# saunas for weight loss?



## insert10p (Jan 1, 2011)

are saunas any good for helping

with weight loss?


----------



## gojo (Mar 17, 2011)

No, that's a fallacy.

All it does - at best - is make you temporarily lose a miniscule weight in sweat, which you will then immediately put back on when you emerge from it parched and drink half a gallon of water!

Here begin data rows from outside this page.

(* Let $p$ be a prime, $m\ge 1$ and $r$ integers with $r^p\equiv 1 \pmod m$, and let $G=\langle x, y\mid x^p=y^m=1,\ x^{-1}yx=y^r\rangle$ (so $G\cong C_p\ltimes C_m$, $|G|=pm$), where $p$ is the smallest prime divisor of $|G|$ and $\gcd(p(r-1), m)=1$. Let $N=\langle y\rangle$ and let $\varphi:G\to G/N$ be the canonical homomorphism. Let $T=g_1\cdot \ldots \cdot g_t$ be a sequence over $G$ such that $\varphi(T)=\varphi(g_1)\cdot\ldots\cdot\varphi(g_t)$ is a minimal product-one sequence over $G/N$. Then for any $u\in\pi(T)$ we have $\pi(T)\supseteq \{u^{r^{s_{1}}}, u^{r^{s_{2}}}, \ldots, u^{r^{s_{t}}}\}$ for some subset $\{s_1,\ldots, s_t\}\subseteq [0,p-1]$. Moreover, if $u\neq 1$, then $t\le p$ and $u^{r^{s_i}}\neq u^{r^{s_j}}$ for all $1\leq i<j\leq t$.
   Context: A sequence over a group is a finite unordered list of elements with repetition allowed. For a sequence $S=g_1\cdot\ldots\cdot g_\ell$, $\pi(S)=\{g_{\tau(1)}\cdots g_{\tau(\ell)}:\tau \text{ a permutation of } [1,\ell]\}$. $S$ is product-one if $1\in\pi(S)$, and minimal product-one if it is product-one and has no proper nonempty product-one subsequence. For integers $a\le b$, $[a,b]=\{z\in\mathbb Z: a\le z\le b\}$. *)

theory Defs
  imports "HOL-Algebra.Algebra" "HOL-Library.Multiset" "HOL-Number_Theory.Cong"
begin

definition list_prod :: "('a, 'b) monoid_scheme \<Rightarrow> 'a list \<Rightarrow> 'a" where
  "list_prod G xs = foldr (\<lambda>a b. a \<otimes>\<^bsub>G\<^esub> b) xs \<one>\<^bsub>G\<^esub>"

definition seq_prods :: "('a, 'b) monoid_scheme \<Rightarrow> 'a multiset \<Rightarrow> 'a set" where
  "seq_prods G S = {list_prod G xs | xs. mset xs = S}"

definition product_one :: "('a, 'b) monoid_scheme \<Rightarrow> 'a multiset \<Rightarrow> bool" where
  "product_one G S \<longleftrightarrow> \<one>\<^bsub>G\<^esub> \<in> seq_prods G S"

definition minimal_product_one :: "('a, 'b) monoid_scheme \<Rightarrow> 'a multiset \<Rightarrow> bool" where
  "minimal_product_one G S \<longleftrightarrow> product_one G S \<and>
     (\<forall>S'. S' \<subseteq># S \<and> S' \<noteq> {#} \<and> S' \<noteq> S \<longrightarrow> \<not> product_one G S')"

end

theory Submission
  imports Defs
begin

text \<open>
  The quotient G/N is cyclic, generated by
  the coset of x, hence abelian; so every ordered product u of T maps to the product of the
  product-one sequence phi(T), i.e. u lies in N.
  Rotating the ordering conjugates u by a prefix product P_k = g_1 ... g_k. Writing P_k = n x^c
  with n in N and 0 <= c < p, and using that N is abelian and x^(-1) n x = n^r, this conjugate is
  u^(r^c). The cosets of P_0, ..., P_(t-1) are pairwise distinct, since otherwise a proper
  consecutive block of phi(T) would already be product-one; hence so are the exponents c.
  Finally r^b - r^a is coprime to m for 0 <= a < b < p, because gcd(p (r - 1), m) = 1 and
  r^p = 1 mod m, so the powers u^(r^c) are pairwise distinct when u is a nontrivial element of N.
\<close>

lemma (in group) inv_mult_cancel [simp]:
  "a \<in> carrier G \<Longrightarrow> b \<in> carrier G \<Longrightarrow> inv a \<otimes> (a \<otimes> b) = b"
  by (simp add: m_assoc[symmetric])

I personally do find them very good for muscle relaxation after a workout though.


----------



## arekwhite (Jul 29, 2011)

Weight gain is the problem of most people in the world. there are several ways to lose the weight. exercise is the best way to lose the weight and you have avoid the fatty foods and start to eat the vegetable it will help you to keep your health and weight maintained...


----------



## aka (Jun 25, 2010)

there are a couple of shredded guys at my gym that they seem to think they are lean bcos of the sauna after every workout,,,,,,,,,,,,,, but I think that's BS


----------



## The Trixsta (Sep 6, 2009)

akalatengo said:


> there are a couple of shredded guys at my gym that they seem to think they are lean bcos of the sauna after every workout,,,,,,,,,,,,,, but I think that's BS


Second that


----------



## The Trixsta (Sep 6, 2009)

marksmith said:


> Saunas have been a popular tool for relaxation for a very long time. When saunas were first introduced, they were used primarily for relaxation of muscles and relieving the stress and tension that build up throughout life. As saunas became more and more popular and widespread, the people who used them regularly began to notice some very desirable side effects. Specifically, people began noticing weight loss as a result of using saunas.The sauna helps you get rid of this extra salt and thereby gets you rid of the water weight that you have gained. If you want to maintain the weight loss you enjoy from visiting the sauna, you need to keep salt consumption to a minimum in your diet.
> 
> Thanks


Nice copy and paste job LOL

I believe that came from here lol http://ezinearticles.com/?Do-Saunas-Help-With-Weight-Loss?&id=613099 :doh:


----------